---------- Exercise data ----------
text \<open>Step n >= 1: apply the pair inequality conditionally on (X_1..X_n) = x with s = x_1+...+x_n,
  then integrate over x using the Cauchy-Schwarz lemma.\<close>
lemma conditional_step:
  assumes T[measurable]: "T \<in> borel_measurable M" and D: "DFR M T"
    and X: "\<forall>k\<ge>1. X k \<in> borel_measurable M" and nn: "\<forall>k\<ge>1. \<forall>w\<in>space M. 0 \<le> X k w"
    and R: "is_rcd M X n Nn \<mu>"
    and cond: "\<forall>x\<in>Nn. associated (\<mu> x) (\<lambda>p. p) \<and> st_le (\<mu> x) snd fst"
  shows "(\<integral>w. tail_ge M T (partial_sum X (n + 1) w) \<partial>M)\<^sup>2
      \<le> (\<integral>w. tail_ge M T (partial_sum X n w) \<partial>M) * (\<integral>w. tail_ge M T (partial_sum X (n + 2) w) \<partial>M)"
proof -
  let ?g = "tail_ge M T" and ?F = "distr M (Rn n) (first_n X n)" and ?K = "rcd_kernel Nn \<mu>"
  define s where "s x = (\<Sum>i\<in>{1..n}. x i)" for x :: "nat \<Rightarrow> real"
  have [measurable]: "s \<in> borel_measurable (Rn n)"
    unfolding s_def by measurable
  (* f c x is the conditional mean of g(S_n + c(X_{n+1},X_{n+2})) given (X_1..X_n) = x. *)
  define f where "f c x = (\<integral>p. ?g (s x + c p) \<partial>?K x)" for c :: "real \<times> real \<Rightarrow> real" and x
  have fn: "first_n X n \<in> measurable M (Rn n)" using X by (rule first_n_measurable)
  interpret F: prob_space ?F by (rule prob_space_distr[OF fn])
  have f_meas: "f c \<in> borel_measurable ?F" if [measurable]: "c \<in> borel_measurable borel" for c
  proof -
    have "(\<lambda>z. ?g (s (fst z) + c (snd z))) \<in> borel_measurable (Rn n \<Otimes>\<^sub>M borel)"
      by measurable
    from kernel_integral_measurable[OF R this] show ?thesis
      unfolding f_def by (simp add: measurable_cong_sets[OF sets_distr refl])
  qed
  have f_unit: "0 \<le> f c x \<and> f c x \<le> 1" if [measurable]: "c \<in> borel_measurable borel" for c x
  proof -
    interpret K: prob_space "?K x" by (rule rcd_kernel_prob_space[OF R])
    have [measurable]: "c \<in> borel_measurable (?K x)"
      by (simp add: measurable_cong_sets[OF rcd_kernel_prob_space(2)[OF R] refl])
    show ?thesis unfolding f_def using tail_ge_bounds
      by (auto intro!: integral_nonneg_AE K.integral_le_const integrable_tail_ge K.finite_measure_axioms)
  qed
  have f_integrable: "integrable ?F (f c)" if "c \<in> borel_measurable borel" for c
    using f_unit[OF that] by (intro F.integrable_const_bound[where B=1] f_meas that) auto
  have expect: "(\<integral>w. ?g (partial_sum X n w + c (X (n + 1) w, X (n + 2) w)) \<partial>M) = (\<integral>x. f c x \<partial>?F)"
    if "c \<in> borel_measurable borel" for c
    unfolding f_def s_def by (rule integral_tail_ge_conditional[OF T X nn R that])
  have increments: "(\<lambda>p. 0) \<in> borel_measurable borel" "fst \<in> borel_measurable (borel :: (real \<times> real) measure)"
    "(\<lambda>p::real \<times> real. fst p + snd p) \<in> borel_measurable borel"
    by (simp_all add: borel_prod[symmetric])
  have e0: "(\<integral>w. ?g (partial_sum X n w) \<partial>M) = (\<integral>x. f (\<lambda>p. 0) x \<partial>?F)"
    using expect[of "\<lambda>p. 0"] by simp
  have e1: "(\<integral>w. ?g (partial_sum X (n + 1) w) \<partial>M) = (\<integral>x. f (\<lambda>p. fst p) x \<partial>?F)"
    unfolding partial_sum_add using expect[of fst] by simp
  have e2: "(\<integral>w. ?g (partial_sum X (n + 2) w) \<partial>M) = (\<integral>x. f (\<lambda>p. fst p + snd p) x \<partial>?F)"
    unfolding partial_sum_add using expect[of "\<lambda>p. fst p + snd p"] by (simp add: add.assoc)
  have "(\<integral>x. f (\<lambda>p. fst p) x \<partial>?F)\<^sup>2 \<le> (\<integral>x. f (\<lambda>p. 0) x \<partial>?F) * (\<integral>x. f (\<lambda>p. fst p + snd p) x \<partial>?F)"
  proof (rule integral_square_le_of_pointwise)
    show "AE x in ?F. 0 \<le> f (\<lambda>p. 0) x \<and> 0 \<le> f (\<lambda>p. fst p) x \<and> 0 \<le> f (\<lambda>p. fst p + snd p) x"
      using f_unit by auto
    show "AE x in ?F. (f (\<lambda>p. fst p) x)\<^sup>2 \<le> f (\<lambda>p. 0) x * f (\<lambda>p. fst p + snd p) x"
      using AE_distr_first_n_in_Nn[OF R X]
    proof eventually_elim
      case (elim x)
      have "0 \<le> s x" using elim is_rcdD(2)[OF R] unfolding s_def by (auto intro!: sum_nonneg)
      then show ?case
        using kernel_pair_inequality[OF T D R elim _ _ \<open>0 \<le> s x\<close>] cond elim
        by (simp add: f_def rcd_kernel_def add.assoc is_rcdD(4)[OF R elim] prob_space.prob_space)
    qed
  qed (rule f_meas f_integrable increments)+
  then show ?thesis unfolding e0 e1 e2 .
qed

lemma initial_step:
  assumes T[measurable]: "T \<in> borel_measurable M" and D: "DFR M T"
    and X: "\<forall>k\<ge>1. X k \<in> borel_measurable M" and nn: "\<forall>k\<ge>1. \<forall>w\<in>space M. 0 \<le> X k w"
    and A: "associated M (\<lambda>w. (X 1 w, X 2 w))" and st: "st_le M (X 2) (X 1)"
  shows "(\<integral>w. tail_ge M T (partial_sum X 1 w) \<partial>M)\<^sup>2
      \<le> (\<integral>w. tail_ge M T (partial_sum X 0 w) \<partial>M) * (\<integral>w. tail_ge M T (partial_sum X 2 w) \<partial>M)"
proof -
  have "AE w in M. 0 \<le> X 1 w \<and> 0 \<le> X 2 w" using nn by auto
  with X have "(\<integral>w. tail_ge M T (0 + X 1 w) \<partial>M)\<^sup>2
      \<le> tail_ge M T 0 * (\<integral>w. tail_ge M T (0 + X 1 w + X 2 w) \<partial>M)"
    by (intro associated_pair_inequality[OF T D prob_space_axioms _ _ _ A st]) auto
  then show ?thesis
    by (simp add: partial_sum_def numeral_2_eq_2 prob_space)
qed

lemma prob_counting_ge:
  assumes X: "\<forall>k\<ge>1. X k \<in> borel_measurable M" and nn: "\<forall>k\<ge>1. \<forall>w\<in>space M. 0 \<le> X k w"
    and T: "T \<in> borel_measurable M" and T_nn: "\<forall>w\<in>space M. 0 \<le> T w"
    and indep: "indep_set
           {T -` B \<inter> space M | B. B \<in> sets (borel :: real measure)}
           {(\<lambda>w. \<lambda>k\<in>{1..}. X k w) -` C \<inter> space M | C. C \<in> sets (PiM {1..} (\<lambda>_. (borel :: real measure)))}"
  shows "measure M {w\<in>space M. enat k \<le> counting X (T w) w} = (\<integral>w. tail_ge M T (partial_sum X k w) \<partial>M)"
proof -
  have "{w\<in>space M. enat k \<le> counting X (T w) w} = {w\<in>space M. partial_sum X k w \<le> T w}"
    using counting_ge_iff[of X _ "T _" k] nn T_nn by auto
  then show ?thesis
    using prob_le_indep_eq_integral_tail_ge[OF indep_var_partial_sum[OF X T indep]] by simp
qed

end

theorem corollary5p3:
  fixes M :: "'a measure" and X :: "nat \<Rightarrow> 'a \<Rightarrow> real" and T :: "'a \<Rightarrow> real"
  assumes "prob_space M"
    and "\<forall>k\<ge>1. X k \<in> borel_measurable M"
    and "\<forall>k\<ge>1. \<forall>w\<in>space M. 0 \<le> X k w"
    and "T \<in> borel_measurable M"
    and "\<forall>w\<in>space M. 0 \<le> T w"
    and "prob_space.indep_set M
           {T -` B \<inter> space M | B. B \<in> sets (borel :: real measure)}
           {(\<lambda>w. \<lambda>k\<in>{1..}. X k w) -` C \<inter> space M | C. C \<in> sets (PiM {1..} (\<lambda>_. (borel :: real measure)))}"
    and a: "DFR M T"
    and b: "\<not> (measure M {w\<in>space M. T w = 0} > 0 \<and> measure M {w\<in>space M. X 1 w = 0} > 0)"
    and c: "associated M (\<lambda>w. (X 1 w, X 2 w))" "st_le M (X 2) (X 1)"
    and d: "\<forall>n\<ge>1. \<exists>Nn \<mu>. is_rcd M X n Nn \<mu> \<and>
               (\<forall>x\<in>Nn. associated (\<mu> x) (\<lambda>p. p) \<and> st_le (\<mu> x) snd fst)"
  shows "disc_DFR M (\<lambda>w. counting X (T w) w)"
proof -
  interpret prob_space M by fact
  note X = assms(2) and X_nn = assms(3) and T = assms(4)
  let ?a = "\<lambda>k. \<integral>w. tail_ge M T (partial_sum X k w) \<partial>M"
  have "(?a (n + 1))\<^sup>2 \<le> ?a n * ?a (n + 2)" for n
  proof (cases "n = 0")
    case True
    then show ?thesis using initial_step[OF T a X X_nn c] by (simp add: numeral_2_eq_2)
  next
    case False
    then obtain Nn \<mu> where "is_rcd M X n Nn \<mu>"
      and "\<forall>x\<in>Nn. associated (\<mu> x) (\<lambda>p. p) \<and> st_le (\<mu> x) snd fst"
      using d by (meson False less_one not_le)
    then show ?thesis by (rule conditional_step[OF T a X X_nn])
  qed
  then show ?thesis
    unfolding disc_DFR_def prob_counting_ge[OF X X_nn T assms(5,6)] by simp
qed

end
----------
_Exercise goal_.
Check the records above and copy each line that has the string "expect".

_Result for this task_.
  have expect: "(\<integral>w. ?g (partial_sum X n w + c (X (n + 1) w, X (n + 2) w)) \<partial>M) = (\<integral>x. f c x \<partial>?F)"
    using expect[of "\<lambda>p. 0"] by simp
    unfolding partial_sum_add using expect[of fst] by simp
    unfolding partial_sum_add using expect[of "\<lambda>p. fst p + snd p"] by (simp add: add.assoc)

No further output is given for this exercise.